In the heart of Chengdu, China, a team of researchers led by Jiasha Fu from the Research Institute of Economics and Management at Southwestern University of Finance and Economics has been delving into a topic that’s sending ripples through the energy sector: stranded assets. Their work, recently published in the journal *Environmental Research Letters* (translated from Chinese as “Letters on Environmental Research”), offers a stark look at the financial and political risks posed by climate change and the low-carbon transition.
Stranded assets, as Fu and her team explain, are more than just a buzzword. They represent a significant risk to socioeconomic development and financial stability. “The notion of stranded assets has evolved from a narrow focus on ‘impaired assets’ to a comprehensive framework,” Fu explains. This framework now includes stranded resources, stranded capital, and even stranded paper—financial instruments that lose value due to climate change impacts or the shift to a low-carbon economy.
The team’s research reveals that the scale of this issue is vast. They’ve found that stranded assets can inflict significant financial shocks on both upstream and downstream firms in the fossil fuel industry.
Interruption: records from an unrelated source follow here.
text \<open>For \<open>j \<in> N\<^sub>i\<^sup>\<kappa>\<^sub>G\<close> the potential property makes \<open>\<Phi>\<^sub>i \<circ> softmax\<close> and \<open>J\<^sub>j \<circ> softmax\<close> differ by
  a function of \<open>\<theta>\<^sub>-\<^sub>j\<close> only, so the block gradient of \<open>\<Phi>\<^sub>i\<close> on \<open>N\<^sub>i\<^sup>\<kappa>\<close> is
  \<open>\<theta> \<mapsto> (\<nabla>\<^sub>\<theta>\<^sub>j J\<^sub>j(\<theta>))\<^sub>j\<close>.
  Write \<open>J\<^sub>j = \<Sum>\<^sub>t \<gamma>\<^sup>t R\<^sub>j\<^sub>t\<close> with \<open>R\<^sub>j\<^sub>t\<close> the expected reward at time \<open>t\<close>.
  Along a line in parameter space the likelihood-ratio identities for the product softmax policy
  bound the second derivative of \<open>R\<^sub>j\<^sub>t\<close> by \<open>(t+1)\<^sup>2\<close> times products of score bounds plus
  \<open>t+1\<close> times the bound on the derivative of the score.
  Let \<open>v\<close> be the difference of the two block gradients and \<open>m = |N\<^sub>i\<^sup>\<kappa>|\<close>.
  Pairing \<open>v\<close> with the gradients and applying the mean value theorem termwise gives
  \<open>\<parallel>v\<parallel>\<^sup>2 \<le> \<Sum>\<^sub>t \<gamma>\<^sup>t 2m(t+1)(t+2) \<parallel>\<theta> - \<theta>'\<parallel> \<parallel>v\<parallel> = 4m/(1-\<gamma>)\<^sup>3 \<parallel>\<theta> - \<theta>'\<parallel> \<parallel>v\<parallel>\<close>,
  and \<open>m \<le> n(\<kappa>)\<close>.\<close>

lemma nbhd_mono: "k \<le> k' \<Longrightarrow> nbhd E k i \<subseteq> nbhd E k' i"
  unfolding nbhd_def using le_trans by blast

lemma jspace_eq_PiE: "jspace X = Pi\<^sub>E UNIV X"
  unfolding jspace_def PiE_def Pi_def by auto

lemma sum_jspace_prod:
  fixes f :: "'n::finite \<Rightarrow> 'a \<Rightarrow> 'b::comm_semiring_1"
  assumes "\<And>l. finite (X l)"
  shows "(\<Sum>a\<in>jspace X. \<Prod>l\<in>UNIV. f l (a l)) = (\<Prod>l\<in>UNIV. \<Sum>b\<in>X l. f l b)"
  unfolding jspace_eq_PiE by (rule prod_sum_PiE[symmetric]) (auto simp: assms)

lemma abs_convex_comb_le:
  fixes w f :: "'x \<Rightarrow> real"
  assumes "finite X" "\<forall>x\<in>X. 0 \<le> w x" "(\<Sum>x\<in>X. w x) = 1" "\<forall>x\<in>X. \<bar>f x\<bar> \<le> c"
  shows "\<bar>\<Sum>x\<in>X. w x * f x\<bar> \<le> c"
proof -
  have "\<bar>\<Sum>x\<in>X. w x * f x\<bar> \<le> (\<Sum>x\<in>X. \<bar>w x * f x\<bar>)" by (rule sum_abs)
  also have "\<dots> \<le> (\<Sum>x\<in>X. w x * c)"
    using assms by (intro sum_mono) (auto simp: abs_mult intro: mult_left_mono)
  also have "\<dots> = c" using assms(3) by (simp add: sum_distrib_right[symmetric])
  finally show ?thesis .
qed

lemma abs_mult_le_mult: "\<bar>x::real\<bar> \<le> a \<Longrightarrow> \<bar>y\<bar> \<le> b \<Longrightarrow> \<bar>x * y\<bar> \<le> a * b"
  by (simp add: abs_mult mult_mono')

lemma sum_le_sqrt_card_mult_sqrt_sum_sq:
  fixes f :: "'i \<Rightarrow> real"
  shows "(\<Sum>x\<in>B. f x) \<le> sqrt (card B) * sqrt (\<Sum>x\<in>B. (f x)\<^sup>2)"
proof -
  have "(\<Sum>x\<in>B. 1 * f x)\<^sup>2 \<le> (\<Sum>x\<in>B. 1\<^sup>2) * (\<Sum>x\<in>B. (f x)\<^sup>2)"
    by (rule Cauchy_Schwarz_ineq_sum)
  then have "sqrt ((\<Sum>x\<in>B. f x)\<^sup>2) \<le> sqrt (card B * (\<Sum>x\<in>B. (f x)\<^sup>2))"
    by (intro real_sqrt_le_mono) simp
  then show ?thesis by (simp add: real_sqrt_mult)
qed

lemma DERIV_prod_logderiv:
  fixes f :: "'i \<Rightarrow> real \<Rightarrow> real"
  assumes "finite L" "\<And>l. l \<in> L \<Longrightarrow> ((\<lambda>x. f l x) has_real_derivative f l x0 * g l) (at x0)"
  shows "((\<lambda>x. \<Prod>l\<in>L. f l x) has_real_derivative (\<Prod>l\<in>L. f l x0) * (\<Sum>l\<in>L. g l)) (at x0)"
  using assms
proof (induction L rule: finite_induct)
  case (insert m L)
  have "((\<lambda>x. f m x * (\<Prod>l\<in>L. f l x)) has_real_derivative
          f m x0 * ((\<Prod>l\<in>L. f l x0) * (\<Sum>l\<in>L. g l)) + f m x0 * g m * (\<Prod>l\<in>L. f l x0)) (at x0)"
    using insert by (intro DERIV_mult') auto
  then show ?case using insert by (simp add: algebra_simps)
qed simp

lemma Suc_mult_Suc_Suc_power_sums:
  assumes "\<bar>z::real\<bar> < 1"
  shows "(\<lambda>n. ((real n + 1) * (real n + 2)) * z ^ n) sums (2 / (1 - z)^3)"
proof -
  have nz: "1 - z \<noteq> 0" using assms by auto
  have "(\<lambda>n. diffs (\<lambda>n. real (Suc n)) n * z ^ n) sums (2 / (1 - z)^3)"
  proof (rule termdiffs_sums_strong[where K = 1])
    fix y :: real assume "norm y < 1"
    then show "(\<lambda>n. real (Suc n) * y ^ n) sums (1 / (1 - y)^2)"
      using geometric_deriv_sums[of y] by simp
  next
    have "((\<lambda>y. 1 / (1 - y)^2) has_real_derivative
       (0 * (1 - z)^2 - 1 * (of_nat 2 * ((0 - 1) * (1 - z) ^ (2 - Suc 0)))) / ((1 - z)^2 * (1 - z)^2)) (at z)"
      using nz by (intro DERIV_divide DERIV_power DERIV_diff DERIV_const DERIV_ident) auto
    moreover have "(0 * (1 - z)^2 - 1 * (of_nat 2 * ((0 - 1) * (1 - z) ^ (2 - Suc 0)))) / ((1 - z)^2 * (1 - z)^2)
        = ((1 - z) * 2) / ((1 - z) * (1 - z)^3)"
      by (simp add: power2_eq_square power3_eq_cube algebra_simps)
    moreover have "((1 - z) * 2) / ((1 - z) * (1 - z)^3) = 2 / (1 - z)^3"
      using nz by (rule mult_divide_mult_cancel_left)
    ultimately show "((\<lambda>y. 1 / (1 - y)^2) has_real_derivative 2 / (1 - z)^3) (at z)" by simp
  qed (use assms in auto)
  then show ?thesis unfolding diffs_def by (simp add: mult.commute add.commute)
qed

locale discounted_game =
  fixes S :: "'n::finite \<Rightarrow> 's::finite set"
    and A :: "'n \<Rightarrow> 'a::finite set"
    and P :: "'n \<Rightarrow> ('n \<Rightarrow> 's) \<Rightarrow> 'a \<Rightarrow> 's \<Rightarrow> real"
    and mu :: "('n \<Rightarrow> 's) \<Rightarrow> real"
    and \<gamma> :: real
    and r :: "'n \<Rightarrow> ('n \<Rightarrow> 's) \<Rightarrow> ('n \<Rightarrow> 'a) \<Rightarrow> real"
  assumes A_ne: "\<forall>j. A j \<noteq> {}"
    and P_nonneg: "\<forall>j. \<forall>s\<in>jspace S. \<forall>a\<in>A j. \<forall>s'\<in>S j. 0 \<le> P j s a s'"
    and P_sum: "\<forall>j. \<forall>s\<in>jspace S. \<forall>a\<in>A j. (\<Sum>s'\<in>S j. P j s a s') = 1"
    and mu_nonneg: "\<forall>s\<in>jspace S. 0 \<le> mu s"
    and mu_sum: "(\<Sum>s\<in>jspace S. mu s) = 1"
    and gamma: "0 < \<gamma>" "\<gamma> < 1"
    and r_range: "\<forall>j. \<forall>s\<in>jspace S. \<forall>a\<in>jspace A. 0 \<le> r j s a \<and> r j s a \<le> 1"
begin

abbreviation "jS \<equiv> jspace S"
abbreviation "jA \<equiv> jspace A"

text \<open>Unlike \<open>policies S A\<close>, no condition is imposed off the carriers.\<close>
definition policy :: "('n \<Rightarrow> 's \<Rightarrow> 'a \<Rightarrow> real) \<Rightarrow> bool" where
  "policy \<xi> \<longleftrightarrow> (\<forall>l. \<forall>s\<in>S l. (\<forall>a\<in>A l. 0 \<le> \<xi> l s a) \<and> (\<Sum>a\<in>A l. \<xi> l s a) = 1)"

definition expect_next :: "('n \<Rightarrow> 's) \<Rightarrow> ('n \<Rightarrow> 'a) \<Rightarrow> (('n \<Rightarrow> 's) \<Rightarrow> real) \<Rightarrow> real" where
  "expect_next s a V = (\<Sum>s'\<in>jS. joint_trans P s a s' * V s')"

lemma joint_trans_nonneg: "s \<in> jS \<Longrightarrow> a \<in> jA \<Longrightarrow> s' \<in> jS \<Longrightarrow> 0 \<le> joint_trans P s a s'"
  unfolding joint_trans_def using P_nonneg by (intro prod_nonneg) (auto simp: jspace_def)

lemma joint_trans_sum_one: "s \<in> jS \<Longrightarrow> a \<in> jA \<Longrightarrow> (\<Sum>s'\<in>jS. joint_trans P s a s') = 1"
  unfolding joint_trans_def
  by (subst sum_jspace_prod[where f = "\<lambda>l b. P l s (a l) b"]) (use P_sum in \<open>auto simp: jspace_def\<close>)

lemma abs_expect_next_le: "s \<in> jS \<Longrightarrow> a \<in> jA \<Longrightarrow> \<forall>s'\<in>jS. \<bar>V s'\<bar> \<le> c \<Longrightarrow> \<bar>expect_next s a V\<bar> \<le> c"
  unfolding expect_next_def by (rule abs_convex_comb_le) (auto simp: joint_trans_nonneg joint_trans_sum_one)

lemma joint_pol_nonneg: "policy \<xi> \<Longrightarrow> s \<in> jS \<Longrightarrow> a \<in> jA \<Longrightarrow> 0 \<le> joint_pol \<xi> s a"
  unfolding joint_pol_def policy_def by (intro prod_nonneg) (auto simp: jspace_def)

lemma joint_pol_sum_one: "policy \<xi> \<Longrightarrow> s \<in> jS \<Longrightarrow> (\<Sum>a\<in>jA. joint_pol \<xi> s a) = 1"
  unfolding joint_pol_def
  by (subst sum_jspace_prod[where f = "\<lambda>l b. \<xi> l (s l) b"]) (auto simp: jspace_def policy_def)

lemma abs_joint_pol_avg_le:
  "policy \<xi> \<Longrightarrow> s \<in> jS \<Longrightarrow> \<forall>a\<in>jA. \<bar>f a\<bar> \<le> c \<Longrightarrow> \<bar>\<Sum>a\<in>jA. joint_pol \<xi> s a * f a\<bar> \<le> c"
  by (rule abs_convex_comb_le) (auto simp: joint_pol_nonneg joint_pol_sum_one)

lemma abs_mu_avg_le: "\<forall>s\<in>jS. \<bar>f s\<bar> \<le> c \<Longrightarrow> \<bar>\<Sum>s\<in>jS. mu s * f s\<bar> \<le> c"
  by (rule abs_convex_comb_le) (auto simp: mu_nonneg mu_sum)

primrec exp_reward :: "('n \<Rightarrow> 's \<Rightarrow> 'a \<Rightarrow> real) \<Rightarrow> 'n \<Rightarrow> nat \<Rightarrow> ('n \<Rightarrow> 's) \<Rightarrow> real" where
  "exp_reward \<xi> j 0 s = (\<Sum>a\<in>jA. joint_pol \<xi> s a * r j s a)"
| "exp_reward \<xi> j (Suc k) s = (\<Sum>a\<in>jA. joint_pol \<xi> s a * expect_next s a (exp_reward \<xi> j k))"

lemma abs_exp_reward_le: "policy \<xi> \<Longrightarrow> s \<in> jS \<Longrightarrow> \<bar>exp_reward \<xi> j k s\<bar> \<le> 1"
proof (induction k arbitrary: s)
  case 0
  then show ?case using r_range by (auto intro!: abs_joint_pol_avg_le)
next
  case (Suc k)
  then show ?case by (auto intro!: abs_joint_pol_avg_le abs_expect_next_le)
qed

lemma state_dist_exp_reward:
  "(\<Sum>s\<in>jS. state_dist S A P mu \<xi> t s * exp_reward \<xi> j k s) = (\<Sum>s\<in>jS. mu s * exp_reward \<xi> j (t + k) s)"
proof (induction t arbitrary: k)
  case (Suc t)
  let ?d = "state_dist S A P mu \<xi> t"
  have "(\<Sum>s'\<in>jS. state_dist S A P mu \<xi> (Suc t) s' * exp_reward \<xi> j k s')
      = (\<Sum>s'\<in>jS. \<Sum>s\<in>jS. \<Sum>a\<in>jA. ?d s * joint_pol \<xi> s a * joint_trans P s a s' * exp_reward \<xi> j k s')"
    by (simp add: sum_distrib_right)
  also have "\<dots> = (\<Sum>s\<in>jS. \<Sum>a\<in>jA. \<Sum>s'\<in>jS. ?d s * joint_pol \<xi> s a * joint_trans P s a s' * exp_reward \<xi> j k s')"
    by (subst sum.swap) (intro sum.cong refl sum.swap)
  also have "\<dots> = (\<Sum>s\<in>jS. ?d s * exp_reward \<xi> j (Suc k) s)"
    by (simp add: expect_next_def sum_distrib_left mult.assoc)
  also have "\<dots> = (\<Sum>s\<in>jS. mu s * exp_reward \<xi> j (Suc t + k) s)"
    using Suc[of "Suc k"] by simp
  finally show ?case .
qed simp

lemma Jval_eq_exp_reward: "Jval S A P mu \<gamma> r j \<xi> = (\<Sum>t. \<gamma> ^ t * (\<Sum>s\<in>jS. mu s * exp_reward \<xi> j t s))"
proof -
  have "(\<Sum>s\<in>jS. \<Sum>a\<in>jA. state_dist S A P mu \<xi> t s * joint_pol \<xi> s a * r j s a)
        = (\<Sum>s\<in>jS. mu s * exp_reward \<xi> j t s)" for t
    using state_dist_exp_reward[of \<xi> t j 0] by (simp add: sum_distrib_left mult.assoc)
  then show ?thesis unfolding Jval_def by simp
qed


section \<open>Score functions and their bounds\<close>

text \<open>Along \<open>\<xi> = softmax (\<theta> + x u)\<close> the log-derivative of \<open>\<xi>\<^sub>l(b|s)\<close> is \<open>centred \<xi> u l s b\<close>,
  so \<open>score \<xi> u\<close> is the log-derivative of \<open>joint_pol\<close> in direction \<open>u\<close> and
  \<open>score_deriv \<xi> u w\<close> is the derivative of \<open>score \<xi> w\<close>.\<close>
definition centred :: "('n \<Rightarrow> 's \<Rightarrow> 'a \<Rightarrow> real) \<Rightarrow> ('n \<Rightarrow> 's \<Rightarrow> 'a \<Rightarrow> real) \<Rightarrow> 'n \<Rightarrow> 's \<Rightarrow> 'a \<Rightarrow> real" where
  "centred \<xi> u l sl b = u l sl b - (\<Sum>c\<in>A l. \<xi> l sl c * u l sl c)"

definition score :: "('n \<Rightarrow> 's \<Rightarrow> 'a \<Rightarrow> real) \<Rightarrow> ('n \<Rightarrow> 's \<Rightarrow> 'a \<Rightarrow> real) \<Rightarrow> ('n \<Rightarrow> 's) \<Rightarrow> ('n \<Rightarrow> 'a) \<Rightarrow> real" where
  "score \<xi> u s a = (\<Sum>l\<in>UNIV. centred \<xi> u l (s l) (a l))"

definition score_deriv :: "('n \<Rightarrow> 's \<Rightarrow> 'a \<Rightarrow> real) \<Rightarrow> ('n \<Rightarrow> 's \<Rightarrow> 'a \<Rightarrow> real) \<Rightarrow> ('n \<Rightarrow> 's \<Rightarrow> 'a \<Rightarrow> real) \<Rightarrow>
    ('n \<Rightarrow> 's) \<Rightarrow> ('n \<Rightarrow> 'a) \<Rightarrow> real" where
  "score_deriv \<xi> u w s a = - (\<Sum>l\<in>UNIV. \<Sum>b\<in>A l. \<xi> l (s l) b * centred \<xi> u l (s l) b * w l (s l) b)"

definition agent_norm :: "('n \<Rightarrow> 's \<Rightarrow> 'a \<Rightarrow> real) \<Rightarrow> 'n \<Rightarrow> real" where
  "agent_norm u l = sqrt (\<Sum>s\<in>S l. \<Sum>b\<in>A l. (u l s b)\<^sup>2)"

definition score_bound :: "('n \<Rightarrow> 's \<Rightarrow> 'a \<Rightarrow> real) \<Rightarrow> real" where
  "score_bound u = sqrt 2 * (\<Sum>l\<in>UNIV. agent_norm u l)"

definition score_deriv_bound :: "('n \<Rightarrow> 's \<Rightarrow> 'a \<Rightarrow> real) \<Rightarrow> ('n \<Rightarrow> 's \<Rightarrow> 'a \<Rightarrow> real) \<Rightarrow> real" where
  "score_deriv_bound u w = sqrt 2 * (\<Sum>l\<in>UNIV. agent_norm u l * agent_norm w l)"

lemma agent_norm_nonneg: "0 \<le> agent_norm u l"
  unfolding agent_norm_def by (auto intro!: sum_nonneg)

lemma agent_norm_sq: "(agent_norm u l)\<^sup>2 = (\<Sum>s\<in>S l. \<Sum>b\<in>A l. (u l s b)\<^sup>2)"
  unfolding agent_norm_def by (rule real_sqrt_pow2) (auto intro!: sum_nonneg)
But the ripple effects don’t stop there. “Risk is transmitted to the broader financial system via institutional investor exposures and systemic vulnerabilities,” Fu notes. This means that the impacts of stranded assets can spread far and wide, affecting not just the energy sector, but the entire financial system.
The political risks are also substantial. Uneven regional risk distribution, intergenerational equity concerns, and international implications can all trigger political instability. This is a complex web of risks that demands careful navigation.
So, what can be done? Fu and her team propose several mitigation strategies. These include portfolio optimization, accelerated deployment of renewable energy, enhanced climate risk disclosure, and the use of macroprudential policy tools. They also stress the need for future research to deepen the quantification of multiple asset types, conduct micro-level empirical analyses, implement short-term dynamic monitoring, and develop equitable distribution mechanisms.
The implications for the energy sector are profound. As the world transitions to a low-carbon economy, companies that fail to adapt risk being left with stranded assets. This could lead to significant financial losses and even political instability. However, those that proactively manage these risks could gain a competitive edge.
Fu’s research serves as a wake-up call for the energy sector. It’s a reminder that the transition to a low-carbon economy is not just an environmental issue, but a financial and political one as well. And as the world continues to grapple with climate change, the need for proactive risk management will only grow.